↓

(* Assume $\kappa\ge\|f'\|_{C[-\beta,\beta]}$, $\|\phi^0\|_\infty\le\beta$ and $\tau_1<(\kappa m\Gamma(2-\alpha))^{-1/\alpha}$, and let $\{(\phi^n,R^n)\}$ be generated by the $L1$-sESAV scheme. Then for every $k\ge1$, $$\mathcal E_h[\phi^k,R^k]-\mathcal E_h[\phi^{k-1},R^{k-1}]\le-\frac{\varepsilon^2}{2}\|\nabla_h(\phi^k-\phi^{k-1})\|^2-\frac1m\langle\mathbb D^\alpha_\tau\phi^k,\nabla_\tau\phi^k\rangle.$$
   Context: Setting: $\Omega=(0,L)^2$ with periodic boundary conditions; constants $m>0$, $\varepsilon>0$, $\alpha\in(0,1)$. The nonlinearity $f=-F'$ is one of: (double-well) $F(\phi)=\frac14(1-\phi^2)^2$, $f(\phi)=\phi-\phi^3$, with $\beta=1$; or (Flory–Huggins) $F(\phi)=\frac{\theta}{2}[(1+\phi)\ln(1+\phi)+(1-\phi)\ln(1-\phi)]-\frac{\theta_c}{2}\phi^2$, $f(\phi)=\frac{\theta}{2}\ln\frac{1-\phi}{1+\phi}+\theta_c\phi$ on $(-1,1)$, with $\theta_c>\theta>0$ and $\beta\in(0,1)$ the positive root of $f$. In both cases $f(\pm\beta)=0$. Spatial discretization: $M\in\mathbb N$, $h=L/M$; $\mathbb V_h$ is the space of real grid functions $v=\{v_{ij}\}_{i,j\in\mathbb Z}$ that are $M$-periodic in each index; $\langle v,w\rangle=h^2\sum_{i,j=1}^Mv_{ij}w_{ij}$, $\|v\|=\sqrt{\langle v,v\rangle}$, $\|v\|_\infty=\max_{1\le i,j\le M}|v_{ij}|$, $\mathbb V_\beta=\{v\in\mathbb V_h:\|v\|_\infty\le\beta\}$; $\Delta_hv_{ij}=h^{-2}(v_{i+1,j}+v_{i-1,j}+v_{i,j+1}+v_{i,j-1}-4v_{ij})$; $\nabla_hv_{ij}=\big(\frac{v_{i+1,j}-v_{ij}}h,\frac{v_{i,j+1}-v_{ij}}h\big)$ and $\|\nabla_hv\|^2=h^2\sum_{i,j=1}^M|\nabla_hv_{ij}|^2$. Scalar functions act on grid functions pointwise. $E_{1h}[v]=\langle F(v),1\rangle$ and $g_h(v,w)=\exp(w)/\exp(E_{1h}[v])$ for $v\in\mathbb V_h$ (with $\|v\|_\infty<1$ in the Flory–Huggins case) and $w\in\mathbb R$. The discrete modified energy is $\mathcal E_h[\phi,R]=\frac{\varepsilon^2}{2}\|\nabla_h\phi\|^2+R$. Auxiliary functional: $V:\mathbb R\to\mathbb R$ satisfies (A1) $V\in C^1(\mathbb R)\cap W^{2,\infty}(\mathbb R)$, $V(1)=1$, $V'(1)=0$, $|V'|\le K_1$; (A2) $0\le V\le K_2$ for a constant $K_2>0$; (A3) $|z_1-1|\le|z_2-1|$ implies $|V(z_1)-1|\le|V(z_2)-1|$. Time grid: $0=t_0<t_1<\dots<t_N=T$, $\tau_k=t_k-t_{k-1}$, $r_k=\tau_k/\tau_{k-1}$ ($k\ge2$), $\nabla_\tau v^k=v^k-v^{k-1}$, $\mathbb D_\tau v^k=\nabla_\tau v^k/\tau_k$, $\omega_\mu(t)=t^{\mu-1}/\Gamma(\mu)$. Constant $\kappa\ge0$; data $\phi^0\in\mathbb V_h$, $R^0\in\mathbb R$. For $n\ge2$ the predicted solution is $\hat\phi^n=\min\{\max\{(1+r_n)\phi^{n-1}-r_n\phi^{n-2},-\beta\},\beta\}$ (pointwise). $L1$-sESAV scheme: $A^{(n)}_{n-k}=\frac1{\tau_k}\int_{t_{k-1}}^{t_k}\omega_{1-\alpha}(t_n-s)\,ds$ and $\mathbb D^\alpha_\tau v^n=\sum_{k=1}^nA^{(n)}_{n-k}\nabla_\tau v^k$. For $n=1$, $\hat\phi^1\in\mathbb V_\beta$ is the solution of the nonlinear first-step equation $A^{(1)}_0(\hat\phi^1-\phi^0)=m(\varepsilon^2\Delta_h\hat\phi^1+f(\hat\phi^1))$. For $n\ge1$, with $V^n:=V(g_h(\hat\phi^n,R^{n-1}))$, $(\phi^n,R^n)$ is defined by $\mathbb D^\alpha_\tau\phi^n=m(\varepsilon^2\Delta_h\phi^n+V^nf(\hat\phi^n)-\kappa V^n(\phi^n-\hat\phi^n))$ and $\mathbb D_\tau R^n=V^n\langle-f(\hat\phi^n)+\kappa(\phi^n-\hat\phi^n),\mathbb D_\tau\phi^n\rangle$. *)

theory Defs
  imports "HOL-Analysis.Analysis"
begin

type_synonym grid = "int \<Rightarrow> int \<Rightarrow> real"

definition periodic_grid :: "nat \<Rightarrow> grid \<Rightarrow> bool" where
  "periodic_grid M v \<longleftrightarrow> (\<forall>i j. v (i + int M) j = v i j \<and> v i (j + int M) = v i j)"

definition inner_h :: "nat \<Rightarrow> real \<Rightarrow> grid \<Rightarrow> grid \<Rightarrow> real" where
  "inner_h M h v w = h\<^sup>2 * (\<Sum>i\<in>{1..int M}. \<Sum>j\<in>{1..int M}. v i j * w i j)"

definition maxnorm_h :: "nat \<Rightarrow> grid \<Rightarrow> real" where
  "maxnorm_h M v = Max {\<bar>v i j\<bar> | i j. i \<in> {1..int M} \<and> j \<in> {1..int M}}"

definition lap_h :: "real \<Rightarrow> grid \<Rightarrow> grid" where
  "lap_h h v = (\<lambda>i j. (v (i+1) j + v (i-1) j + v i (j+1) + v i (j-1) - 4 * v i j) / h\<^sup>2)"

definition grad_norm_sq :: "nat \<Rightarrow> real \<Rightarrow> grid \<Rightarrow> real" where
  "grad_norm_sq M h v = h\<^sup>2 * (\<Sum>i\<in>{1..int M}. \<Sum>j\<in>{1..int M}.
      ((v (i+1) j - v i j) / h)\<^sup>2 + ((v i (j+1) - v i j) / h)\<^sup>2)"

definition E1h :: "nat \<Rightarrow> real \<Rightarrow> (real \<Rightarrow> real) \<Rightarrow> grid \<Rightarrow> real" where
  "E1h M h F v = inner_h M h (\<lambda>i j. F (v i j)) (\<lambda>i j. 1)"

definition g_h :: "nat \<Rightarrow> real \<Rightarrow> (real \<Rightarrow> real) \<Rightarrow> grid \<Rightarrow> real \<Rightarrow> real" where
  "g_h M h F v w = exp w / exp (E1h M h F v)"

definition energy_h :: "nat \<Rightarrow> real \<Rightarrow> real \<Rightarrow> grid \<Rightarrow> real \<Rightarrow> real" where
  "energy_h M h \<epsilon> \<phi> R = \<epsilon>\<^sup>2 / 2 * grad_norm_sq M h \<phi> + R"

text \<open>The two admissible nonlinearities (double-well and Flory--Huggins), with f = -F'
  and beta as specified.\<close>
definition admissible_nonlinearity :: "(real \<Rightarrow> real) \<Rightarrow> (real \<Rightarrow> real) \<Rightarrow> real \<Rightarrow> bool" where
  "admissible_nonlinearity F f \<beta> \<longleftrightarrow>
     (F = (\<lambda>x. (1 - x\<^sup>2)\<^sup>2 / 4) \<and> f = (\<lambda>x. x - x ^ 3) \<and> \<beta> = 1) \<or>
     (\<exists>\<theta> \<theta>c. 0 < \<theta> \<and> \<theta> < \<theta>c \<and>
        F = (\<lambda>x. \<theta> / 2 * ((1 + x) * ln (1 + x) + (1 - x) * ln (1 - x)) - \<theta>c / 2 * x\<^sup>2) \<and>
        f = (\<lambda>x. \<theta> / 2 * ln ((1 - x) / (1 + x)) + \<theta>c * x) \<and>
        0 < \<beta> \<and> \<beta> < 1 \<and> f \<beta> = 0)"

text \<open>Assumptions (A1)--(A3) on the auxiliary functional V. W^{2,infinity} for a C^1
  function is rendered as: V bounded and V' Lipschitz (hence bounded derivative).\<close>
definition aux_functional :: "(real \<Rightarrow> real) \<Rightarrow> real \<Rightarrow> real \<Rightarrow> bool" where
  "aux_functional V K1 K2 \<longleftrightarrow>
     (\<forall>x. V differentiable (at x)) \<and> continuous_on UNIV (deriv V) \<and>
     (\<exists>C. \<forall>x y. \<bar>deriv V x - deriv V y\<bar> \<le> C * \<bar>x - y\<bar>) \<and>
     V 1 = 1 \<and> deriv V 1 = 0 \<and> (\<forall>x. \<bar>deriv V x\<bar> \<le> K1) \<and>
     0 < K2 \<and> (\<forall>x. 0 \<le> V x \<and> V x \<le> K2) \<and>
     (\<forall>z1 z2. \<bar>z1 - 1\<bar> \<le> \<bar>z2 - 1\<bar> \<longrightarrow> \<bar>V z1 - 1\<bar> \<le> \<bar>V z2 - 1\<bar>)"

definition omega :: "real \<Rightarrow> real \<Rightarrow> real" where
  "omega \<mu> t = t powr (\<mu> - 1) / Gamma \<mu>"

definition L1_coef :: "(nat \<Rightarrow> real) \<Rightarrow> real \<Rightarrow> nat \<Rightarrow> nat \<Rightarrow> real" where
  "L1_coef t \<alpha> n k = (1 / (t k - t (k - 1))) *
      integral {t (k - 1) .. t k} (\<lambda>s. omega (1 - \<alpha>) (t n - s))"

definition L1_caputo :: "(nat \<Rightarrow> real) \<Rightarrow> real \<Rightarrow> (nat \<Rightarrow> grid) \<Rightarrow> nat \<Rightarrow> grid" where
  "L1_caputo t \<alpha> v n = (\<lambda>i j. \<Sum>k\<in>{1..n}. L1_coef t \<alpha> n k * (v k i j - v (k - 1) i j))"

definition clip :: "real \<Rightarrow> real \<Rightarrow> real" where
  "clip \<beta> x = min (max x (-\<beta>)) \<beta>"

end

theory Submission
  imports Defs
begin

text \<open>The energy law holds with equality for any solution of the scheme. Testing the
  \<open>\<phi>\<close>-equation against \<open>\<nabla>\<^sub>\<tau>\<phi>\<^sup>k\<close> and comparing with the \<open>R\<close>-equation shows that the increment
  of \<open>R\<close> equals \<open>\<epsilon>\<^sup>2\<langle>\<Delta>\<^sub>h\<phi>\<^sup>k, \<nabla>\<^sub>\<tau>\<phi>\<^sup>k\<rangle> - \<langle>D\<^sup>\<alpha>\<^sub>\<tau>\<phi>\<^sup>k, \<nabla>\<^sub>\<tau>\<phi>\<^sup>k\<rangle>/m\<close>: the stabilised nonlinear term
  cancels exactly. Summation by parts on the periodic grid turns \<open>\<langle>\<Delta>\<^sub>h a, a - b\<rangle>\<close> into
  \<open>-\<langle>\<nabla>\<^sub>h a, \<nabla>\<^sub>h (a - b)\<rangle>\<close>, and the polarisation identity
  \<open>2\<langle>\<nabla>\<^sub>h a, \<nabla>\<^sub>h (a - b)\<rangle> = \<parallel>\<nabla>\<^sub>h a\<parallel>\<^sup>2 - \<parallel>\<nabla>\<^sub>h b\<parallel>\<^sup>2 + \<parallel>\<nabla>\<^sub>h (a - b)\<parallel>\<^sup>2\<close> gives the rest.\<close>

lemma sum_periodic_shift:
  fixes u :: "int \<Rightarrow> 'a::comm_monoid_add"
  assumes "\<forall>i. u (i + int M) = u i"
  shows "(\<Sum>i\<in>{1..int M}. u (i + 1)) = (\<Sum>i\<in>{1..int M}. u i)"
proof (cases "M = 0")
  case False
  then have "{1..int M} = insert 1 {2..int M}" "{2..int M + 1} = insert (int M + 1) {2..int M}"
    by auto
  have "(\<Sum>i\<in>{1..int M}. u (i + 1)) = sum u {2..int M + 1}"
    by (rule sum.reindex_bij_witness[of _ "\<lambda>i. i - 1" "\<lambda>i. i + 1"]) auto
  also have "\<dots> = u (int M + 1) + sum u {2..int M}"
    using \<open>{2..int M + 1} = insert (int M + 1) {2..int M}\<close> by simp
  also have "\<dots> = u 1 + sum u {2..int M}"
    using assms by (metis add.commute)
  also have "\<dots> = sum u {1..int M}"
    using \<open>{1..int M} = insert 1 {2..int M}\<close> by simp
  finally show ?thesis .
qed simp

lemma sum_periodic_by_parts:
  fixes u v :: "int \<Rightarrow> real"
  assumes u: "\<forall>i. u (i + int M) = u i" and v: "\<forall>i. v (i + int M) = v i"
  shows "(\<Sum>i\<in>{1..int M}. (u (i + 1) - u i) * (v (i + 1) - v i))
       = - (\<Sum>i\<in>{1..int M}. (u (i + 1) - 2 * u i + u (i - 1)) * v i)"
proof -
  have uv: "(\<Sum>i\<in>{1..int M}. u (i + 1) * v (i + 1)) = (\<Sum>i\<in>{1..int M}. u i * v i)"
    using sum_periodic_shift[of "\<lambda>i. u i * v i" M] u v by simp
  have "\<forall>i. u (i + int M - 1) = u (i - 1)"
    using u by (metis diff_add_eq)
  then have uv': "(\<Sum>i\<in>{1..int M}. u i * v (i + 1)) = (\<Sum>i\<in>{1..int M}. u (i - 1) * v i)"
    using sum_periodic_shift[of "\<lambda>i. u (i - 1) * v i" M] v by simp
  show ?thesis
    using uv uv' by (simp add: algebra_simps sum.distrib sum_subtractf sum_distrib_left)
qed

definition grad_inner_h :: "nat \<Rightarrow> real \<Rightarrow> grid \<Rightarrow> grid \<Rightarrow> real" where
  "grad_inner_h M h u v = h\<^sup>2 * (\<Sum>i\<in>{1..int M}. \<Sum>j\<in>{1..int M}.
      (u (i+1) j - u i j) / h * ((v (i+1) j - v i j) / h)
    + (u i (j+1) - u i j) / h * ((v i (j+1) - v i j) / h))"

lemma grad_inner_h_unscaled:
  assumes "h \<noteq> 0"
  shows "grad_inner_h M h u v = (\<Sum>i\<in>{1..int M}. \<Sum>j\<in>{1..int M}.
      (u (i+1) j - u i j) * (v (i+1) j - v i j) + (u i (j+1) - u i j) * (v i (j+1) - v i j))"
  unfolding grad_inner_h_def sum_distrib_left using assms
  by (intro sum.cong refl) (simp add: power2_eq_square field_simps)

lemma inner_h_lap_h:
  assumes "h \<noteq> 0" and a: "periodic_grid M a" and d: "periodic_grid M d"
  shows "inner_h M h (lap_h h a) d = - grad_inner_h M h a d"
proof -
  have x: "(\<Sum>i\<in>{1..int M}. (a (i+1) j - a i j) * (d (i+1) j - d i j))
      = - (\<Sum>i\<in>{1..int M}. (a (i+1) j - 2 * a i j + a (i-1) j) * d i j)" for j
    using a d unfolding periodic_grid_def by (intro sum_periodic_by_parts) auto
  have y: "(\<Sum>j\<in>{1..int M}. (a i (j+1) - a i j) * (d i (j+1) - d i j))
      = - (\<Sum>j\<in>{1..int M}. (a i (j+1) - 2 * a i j + a i (j-1)) * d i j)" for i
    using a d unfolding periodic_grid_def by (intro sum_periodic_by_parts) auto
  have "grad_inner_h M h a d
      = (\<Sum>i\<in>{1..int M}. \<Sum>j\<in>{1..int M}. (a (i+1) j - a i j) * (d (i+1) j - d i j))
      + (\<Sum>i\<in>{1..int M}. \<Sum>j\<in>{1..int M}. (a i (j+1) - a i j) * (d i (j+1) - d i j))"
    unfolding grad_inner_h_unscaled[OF \<open>h \<noteq> 0\<close>] by (simp only: sum.distrib)
  also have "\<dots> = (\<Sum>j\<in>{1..int M}. \<Sum>i\<in>{1..int M}. (a (i+1) j - a i j) * (d (i+1) j - d i j))
      + (\<Sum>i\<in>{1..int M}. \<Sum>j\<in>{1..int M}. (a i (j+1) - a i j) * (d i (j+1) - d i j))"
    by (subst sum.swap) (rule refl)
  also have "\<dots> = - (\<Sum>j\<in>{1..int M}. \<Sum>i\<in>{1..int M}. (a (i+1) j - 2 * a i j + a (i-1) j) * d i j)
      - (\<Sum>i\<in>{1..int M}. \<Sum>j\<in>{1..int M}. (a i (j+1) - 2 * a i j + a i (j-1)) * d i j)"
    by (simp only: x y sum_negf)
  also have "\<dots> = - (\<Sum>i\<in>{1..int M}. \<Sum>j\<in>{1..int M}. (a (i+1) j - 2 * a i j + a (i-1) j) * d i j)
      - (\<Sum>i\<in>{1..int M}. \<Sum>j\<in>{1..int M}. (a i (j+1) - 2 * a i j + a i (j-1)) * d i j)"
    by (subst (2) sum.swap) (rule refl)
  also have "\<dots> = - (\<Sum>i\<in>{1..int M}. \<Sum>j\<in>{1..int M}.
      (a (i+1) j + a (i-1) j + a i (j+1) + a i (j-1) - 4 * a i j) * d i j)"
    by (simp add: sum.distrib[symmetric] algebra_simps)
  also have "\<dots> = - inner_h M h (lap_h h a) d"
    unfolding inner_h_def lap_h_def using \<open>h \<noteq> 0\<close> by (simp add: sum_distrib_left)
  finally show ?thesis by simp
qed

lemma grad_norm_sq_polarization:
  "grad_norm_sq M h a - grad_norm_sq M h b + grad_norm_sq M h (\<lambda>i j. a i j - b i j)
    = 2 * grad_inner_h M h a (\<lambda>i j. a i j - b i j)"
proof -
  have pointwise: "((a1 - a0) / h)\<^sup>2 + ((c1 - c0) / h)\<^sup>2 - (((b1 - b0) / h)\<^sup>2 + ((d1 - d0) / h)\<^sup>2)
      + (((a1 - b1 - (a0 - b0)) / h)\<^sup>2 + ((c1 - d1 - (c0 - d0)) / h)\<^sup>2)
    = 2 * ((a1 - a0) / h * ((a1 - b1 - (a0 - b0)) / h) + (c1 - c0) / h * ((c1 - d1 - (c0 - d0)) / h))"
    for a1 a0 b1 b0 c1 c0 d1 d0 :: real
    by (simp add: power_divide add_divide_distrib[symmetric] diff_divide_distrib[symmetric]
        times_divide_times_eq power2_eq_square algebra_simps)
  show ?thesis
    unfolding grad_norm_sq_def grad_inner_h_def
    by (simp only: right_diff_distrib[symmetric] distrib_left[symmetric]
        sum_subtractf[symmetric] sum.distrib[symmetric])
      (subst pointwise, simp only: sum_distrib_left mult_ac)
qed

↑

Which lines run from the one holding "real \<Rightarrow> nat" through the one holding "(\<lambda>s. omega (1" in the records above? Repeat them exactly, both included, and nothing more.

:: Task solution ::
definition L1_coef :: "(nat \<Rightarrow> real) \<Rightarrow> real \<Rightarrow> nat \<Rightarrow> nat \<Rightarrow> real" where
  "L1_coef t \<alpha> n k = (1 / (t k - t (k - 1))) *
      integral {t (k - 1) .. t k} (\<lambda>s. omega (1 - \<alpha>) (t n - s))"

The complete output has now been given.